> _Exercise_: Look through the records and copy every line in which "ultimately" appears.

> _Stored data_:

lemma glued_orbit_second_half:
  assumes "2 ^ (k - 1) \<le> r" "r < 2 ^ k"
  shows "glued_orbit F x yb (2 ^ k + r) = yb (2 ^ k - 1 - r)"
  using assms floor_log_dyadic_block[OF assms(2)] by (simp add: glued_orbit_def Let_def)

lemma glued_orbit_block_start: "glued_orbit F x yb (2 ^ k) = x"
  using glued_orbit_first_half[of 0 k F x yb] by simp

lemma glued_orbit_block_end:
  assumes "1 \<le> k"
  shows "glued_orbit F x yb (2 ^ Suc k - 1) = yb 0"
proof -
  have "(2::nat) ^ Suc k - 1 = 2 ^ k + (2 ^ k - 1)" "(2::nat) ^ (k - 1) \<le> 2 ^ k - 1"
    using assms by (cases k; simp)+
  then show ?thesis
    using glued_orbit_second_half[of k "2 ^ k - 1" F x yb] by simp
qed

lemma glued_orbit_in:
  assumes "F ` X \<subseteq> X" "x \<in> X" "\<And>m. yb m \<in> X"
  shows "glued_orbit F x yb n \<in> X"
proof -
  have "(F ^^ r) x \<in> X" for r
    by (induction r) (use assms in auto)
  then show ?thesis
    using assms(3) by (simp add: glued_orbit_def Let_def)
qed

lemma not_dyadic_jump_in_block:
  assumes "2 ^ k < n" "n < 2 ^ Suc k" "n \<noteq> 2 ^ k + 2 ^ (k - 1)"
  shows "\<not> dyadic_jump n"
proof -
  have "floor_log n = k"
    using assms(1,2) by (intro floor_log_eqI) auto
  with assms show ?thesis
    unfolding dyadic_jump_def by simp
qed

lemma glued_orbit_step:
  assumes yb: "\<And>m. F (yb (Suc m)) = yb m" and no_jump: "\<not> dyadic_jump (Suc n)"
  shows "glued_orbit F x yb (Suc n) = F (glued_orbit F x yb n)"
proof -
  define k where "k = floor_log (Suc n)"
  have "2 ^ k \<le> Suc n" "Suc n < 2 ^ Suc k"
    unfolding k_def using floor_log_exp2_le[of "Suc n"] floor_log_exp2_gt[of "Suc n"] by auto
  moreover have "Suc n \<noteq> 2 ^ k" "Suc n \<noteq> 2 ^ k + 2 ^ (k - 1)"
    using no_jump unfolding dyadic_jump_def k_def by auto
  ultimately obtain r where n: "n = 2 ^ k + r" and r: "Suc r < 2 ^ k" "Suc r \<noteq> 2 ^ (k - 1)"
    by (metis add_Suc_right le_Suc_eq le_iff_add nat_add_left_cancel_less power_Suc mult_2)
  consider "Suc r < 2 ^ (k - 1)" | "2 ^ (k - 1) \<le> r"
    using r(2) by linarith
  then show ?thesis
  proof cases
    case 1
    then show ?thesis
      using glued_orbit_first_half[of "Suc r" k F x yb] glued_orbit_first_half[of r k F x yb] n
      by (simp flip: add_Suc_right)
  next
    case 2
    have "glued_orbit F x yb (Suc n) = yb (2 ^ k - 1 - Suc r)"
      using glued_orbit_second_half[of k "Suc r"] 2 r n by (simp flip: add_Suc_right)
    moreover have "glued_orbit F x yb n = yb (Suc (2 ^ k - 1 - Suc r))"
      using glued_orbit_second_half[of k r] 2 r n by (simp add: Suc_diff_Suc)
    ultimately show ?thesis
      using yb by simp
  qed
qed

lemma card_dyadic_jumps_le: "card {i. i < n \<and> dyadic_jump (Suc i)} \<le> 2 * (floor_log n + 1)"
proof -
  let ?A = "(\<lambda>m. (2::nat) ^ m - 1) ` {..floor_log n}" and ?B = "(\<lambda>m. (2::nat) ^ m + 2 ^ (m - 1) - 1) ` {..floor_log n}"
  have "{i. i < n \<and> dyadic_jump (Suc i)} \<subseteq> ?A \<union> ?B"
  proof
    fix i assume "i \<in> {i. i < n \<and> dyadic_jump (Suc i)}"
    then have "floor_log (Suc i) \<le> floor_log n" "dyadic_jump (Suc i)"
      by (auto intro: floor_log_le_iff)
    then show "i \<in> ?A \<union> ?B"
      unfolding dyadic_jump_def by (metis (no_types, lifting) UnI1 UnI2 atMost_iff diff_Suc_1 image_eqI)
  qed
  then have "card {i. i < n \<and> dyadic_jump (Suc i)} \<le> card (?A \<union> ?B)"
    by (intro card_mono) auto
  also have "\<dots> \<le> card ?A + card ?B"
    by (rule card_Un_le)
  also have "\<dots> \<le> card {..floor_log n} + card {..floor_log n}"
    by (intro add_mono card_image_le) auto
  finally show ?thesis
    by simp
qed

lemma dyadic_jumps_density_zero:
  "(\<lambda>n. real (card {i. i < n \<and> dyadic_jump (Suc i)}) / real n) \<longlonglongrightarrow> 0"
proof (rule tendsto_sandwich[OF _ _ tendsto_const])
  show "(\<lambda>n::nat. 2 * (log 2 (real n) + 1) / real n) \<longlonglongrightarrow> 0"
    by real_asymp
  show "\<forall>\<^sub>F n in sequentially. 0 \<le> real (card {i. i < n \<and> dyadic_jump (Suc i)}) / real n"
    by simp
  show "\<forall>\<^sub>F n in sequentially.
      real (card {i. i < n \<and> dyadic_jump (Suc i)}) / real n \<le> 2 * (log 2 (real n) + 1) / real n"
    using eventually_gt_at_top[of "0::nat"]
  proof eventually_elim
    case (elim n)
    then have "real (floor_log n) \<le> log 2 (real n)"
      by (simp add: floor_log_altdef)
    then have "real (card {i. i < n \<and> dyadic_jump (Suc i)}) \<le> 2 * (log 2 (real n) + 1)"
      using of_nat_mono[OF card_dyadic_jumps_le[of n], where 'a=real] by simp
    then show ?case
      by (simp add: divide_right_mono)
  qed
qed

...

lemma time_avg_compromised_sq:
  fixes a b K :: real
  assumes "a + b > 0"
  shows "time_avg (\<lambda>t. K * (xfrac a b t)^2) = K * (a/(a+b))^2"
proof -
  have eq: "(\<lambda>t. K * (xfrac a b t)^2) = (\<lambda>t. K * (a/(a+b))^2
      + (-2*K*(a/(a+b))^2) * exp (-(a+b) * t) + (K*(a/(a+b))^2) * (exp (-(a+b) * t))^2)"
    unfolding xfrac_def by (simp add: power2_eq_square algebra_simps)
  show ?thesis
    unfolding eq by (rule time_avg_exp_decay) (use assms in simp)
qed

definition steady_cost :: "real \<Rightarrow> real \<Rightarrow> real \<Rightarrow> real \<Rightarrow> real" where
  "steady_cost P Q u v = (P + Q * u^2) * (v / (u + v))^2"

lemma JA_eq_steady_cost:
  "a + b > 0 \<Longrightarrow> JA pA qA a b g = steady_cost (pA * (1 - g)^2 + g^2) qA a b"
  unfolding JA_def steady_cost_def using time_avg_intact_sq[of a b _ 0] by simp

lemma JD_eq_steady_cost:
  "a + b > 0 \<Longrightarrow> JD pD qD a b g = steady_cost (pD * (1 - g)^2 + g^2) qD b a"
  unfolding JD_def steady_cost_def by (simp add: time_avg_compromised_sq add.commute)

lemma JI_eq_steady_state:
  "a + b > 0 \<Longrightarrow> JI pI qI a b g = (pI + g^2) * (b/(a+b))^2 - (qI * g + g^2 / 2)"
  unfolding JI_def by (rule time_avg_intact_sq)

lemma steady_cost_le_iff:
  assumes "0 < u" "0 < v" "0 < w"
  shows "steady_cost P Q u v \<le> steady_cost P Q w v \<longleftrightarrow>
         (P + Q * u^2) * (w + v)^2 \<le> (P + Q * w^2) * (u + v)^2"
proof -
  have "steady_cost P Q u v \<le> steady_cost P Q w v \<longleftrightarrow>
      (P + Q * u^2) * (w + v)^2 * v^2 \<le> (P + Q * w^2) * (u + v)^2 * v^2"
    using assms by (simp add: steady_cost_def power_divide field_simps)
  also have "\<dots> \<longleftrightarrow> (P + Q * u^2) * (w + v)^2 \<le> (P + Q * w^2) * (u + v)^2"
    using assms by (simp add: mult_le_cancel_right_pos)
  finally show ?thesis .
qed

--

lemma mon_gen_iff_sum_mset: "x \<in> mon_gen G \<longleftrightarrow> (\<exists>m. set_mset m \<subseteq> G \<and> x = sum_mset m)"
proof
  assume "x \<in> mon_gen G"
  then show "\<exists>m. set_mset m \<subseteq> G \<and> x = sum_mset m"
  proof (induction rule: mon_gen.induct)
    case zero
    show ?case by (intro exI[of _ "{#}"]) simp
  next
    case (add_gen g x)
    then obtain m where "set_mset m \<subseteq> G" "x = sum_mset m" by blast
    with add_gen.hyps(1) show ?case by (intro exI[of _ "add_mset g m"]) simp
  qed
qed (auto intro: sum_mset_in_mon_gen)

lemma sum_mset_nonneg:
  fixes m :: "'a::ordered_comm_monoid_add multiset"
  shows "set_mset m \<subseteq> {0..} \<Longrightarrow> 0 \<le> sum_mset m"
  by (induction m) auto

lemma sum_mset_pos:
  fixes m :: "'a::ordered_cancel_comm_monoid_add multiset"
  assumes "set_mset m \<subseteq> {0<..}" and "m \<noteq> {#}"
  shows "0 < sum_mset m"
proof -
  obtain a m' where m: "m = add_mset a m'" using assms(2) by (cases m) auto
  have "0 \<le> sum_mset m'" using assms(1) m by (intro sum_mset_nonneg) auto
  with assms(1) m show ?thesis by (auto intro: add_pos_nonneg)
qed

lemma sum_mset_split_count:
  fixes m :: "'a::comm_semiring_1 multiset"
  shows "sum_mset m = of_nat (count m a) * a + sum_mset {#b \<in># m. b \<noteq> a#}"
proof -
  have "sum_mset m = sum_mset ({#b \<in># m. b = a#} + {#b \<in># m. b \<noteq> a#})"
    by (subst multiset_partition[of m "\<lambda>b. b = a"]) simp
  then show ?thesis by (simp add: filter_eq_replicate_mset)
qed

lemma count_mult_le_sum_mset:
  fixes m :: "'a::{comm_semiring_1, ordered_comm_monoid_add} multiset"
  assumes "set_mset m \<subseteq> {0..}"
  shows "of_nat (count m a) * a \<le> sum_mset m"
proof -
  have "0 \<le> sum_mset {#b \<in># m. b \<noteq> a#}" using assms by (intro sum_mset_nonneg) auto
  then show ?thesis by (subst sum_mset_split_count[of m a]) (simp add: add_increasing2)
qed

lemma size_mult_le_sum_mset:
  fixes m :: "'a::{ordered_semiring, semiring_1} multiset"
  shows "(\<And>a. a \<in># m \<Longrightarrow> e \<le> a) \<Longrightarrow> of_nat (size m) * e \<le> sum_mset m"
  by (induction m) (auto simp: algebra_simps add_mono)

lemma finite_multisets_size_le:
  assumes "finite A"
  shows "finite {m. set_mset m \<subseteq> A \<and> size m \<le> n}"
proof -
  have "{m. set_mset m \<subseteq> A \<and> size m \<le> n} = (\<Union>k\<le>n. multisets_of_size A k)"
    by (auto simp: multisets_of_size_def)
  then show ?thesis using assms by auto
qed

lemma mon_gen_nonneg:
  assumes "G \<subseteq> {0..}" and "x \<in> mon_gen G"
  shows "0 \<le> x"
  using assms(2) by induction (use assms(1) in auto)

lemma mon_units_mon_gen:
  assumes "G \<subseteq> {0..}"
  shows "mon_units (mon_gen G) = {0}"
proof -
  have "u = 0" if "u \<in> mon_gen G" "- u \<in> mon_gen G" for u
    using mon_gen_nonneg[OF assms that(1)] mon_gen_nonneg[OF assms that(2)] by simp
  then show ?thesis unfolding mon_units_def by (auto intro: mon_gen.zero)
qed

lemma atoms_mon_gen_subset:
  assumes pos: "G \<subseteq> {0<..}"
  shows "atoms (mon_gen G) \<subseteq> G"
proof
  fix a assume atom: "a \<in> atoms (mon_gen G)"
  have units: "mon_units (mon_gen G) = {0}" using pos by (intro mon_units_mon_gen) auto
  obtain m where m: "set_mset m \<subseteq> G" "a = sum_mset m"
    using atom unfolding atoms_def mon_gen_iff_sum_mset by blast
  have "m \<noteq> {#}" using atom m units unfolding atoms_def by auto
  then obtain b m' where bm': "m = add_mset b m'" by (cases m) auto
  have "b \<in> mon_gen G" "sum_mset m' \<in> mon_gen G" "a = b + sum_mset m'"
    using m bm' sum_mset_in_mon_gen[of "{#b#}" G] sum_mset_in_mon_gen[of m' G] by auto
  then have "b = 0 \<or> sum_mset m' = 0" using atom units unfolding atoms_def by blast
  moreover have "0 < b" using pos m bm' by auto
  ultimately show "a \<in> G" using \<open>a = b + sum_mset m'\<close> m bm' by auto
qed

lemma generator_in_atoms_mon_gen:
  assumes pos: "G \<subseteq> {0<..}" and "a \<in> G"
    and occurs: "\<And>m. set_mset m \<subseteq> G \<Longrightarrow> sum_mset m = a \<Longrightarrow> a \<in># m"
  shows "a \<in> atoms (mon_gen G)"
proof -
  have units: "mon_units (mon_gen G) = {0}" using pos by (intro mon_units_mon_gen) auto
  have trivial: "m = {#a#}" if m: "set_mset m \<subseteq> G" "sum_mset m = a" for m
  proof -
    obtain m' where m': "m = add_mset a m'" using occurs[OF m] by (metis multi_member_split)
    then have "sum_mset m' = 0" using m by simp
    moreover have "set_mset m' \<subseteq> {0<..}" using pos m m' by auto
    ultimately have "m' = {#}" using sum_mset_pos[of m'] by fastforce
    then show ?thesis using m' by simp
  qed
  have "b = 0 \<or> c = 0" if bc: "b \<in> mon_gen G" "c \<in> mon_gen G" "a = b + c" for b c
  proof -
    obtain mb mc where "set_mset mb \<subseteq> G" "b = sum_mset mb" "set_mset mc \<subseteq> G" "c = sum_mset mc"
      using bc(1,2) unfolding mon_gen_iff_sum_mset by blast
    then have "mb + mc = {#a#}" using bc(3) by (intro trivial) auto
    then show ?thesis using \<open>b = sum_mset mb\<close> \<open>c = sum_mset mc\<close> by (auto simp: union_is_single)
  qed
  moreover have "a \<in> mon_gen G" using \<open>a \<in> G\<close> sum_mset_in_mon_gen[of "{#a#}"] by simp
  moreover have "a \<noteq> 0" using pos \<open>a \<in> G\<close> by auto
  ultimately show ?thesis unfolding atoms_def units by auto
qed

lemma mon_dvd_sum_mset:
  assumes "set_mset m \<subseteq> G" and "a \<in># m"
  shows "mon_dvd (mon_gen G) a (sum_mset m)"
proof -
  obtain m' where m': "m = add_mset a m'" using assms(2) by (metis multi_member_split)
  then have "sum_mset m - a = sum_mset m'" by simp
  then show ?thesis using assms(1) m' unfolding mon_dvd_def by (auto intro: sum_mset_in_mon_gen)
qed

> _Task response_:
  ultimately obtain r where n: "n = 2 ^ k + r" and r: "Suc r < 2 ^ k" "Suc r \<noteq> 2 ^ (k - 1)"
    ultimately show ?thesis
  ultimately show "a \<in> G" using \<open>a = b + sum_mset m'\<close> m bm' by auto
    ultimately have "m' = {#}" using sum_mset_pos[of m'] by fastforce
  ultimately show ?thesis unfolding atoms_def units by auto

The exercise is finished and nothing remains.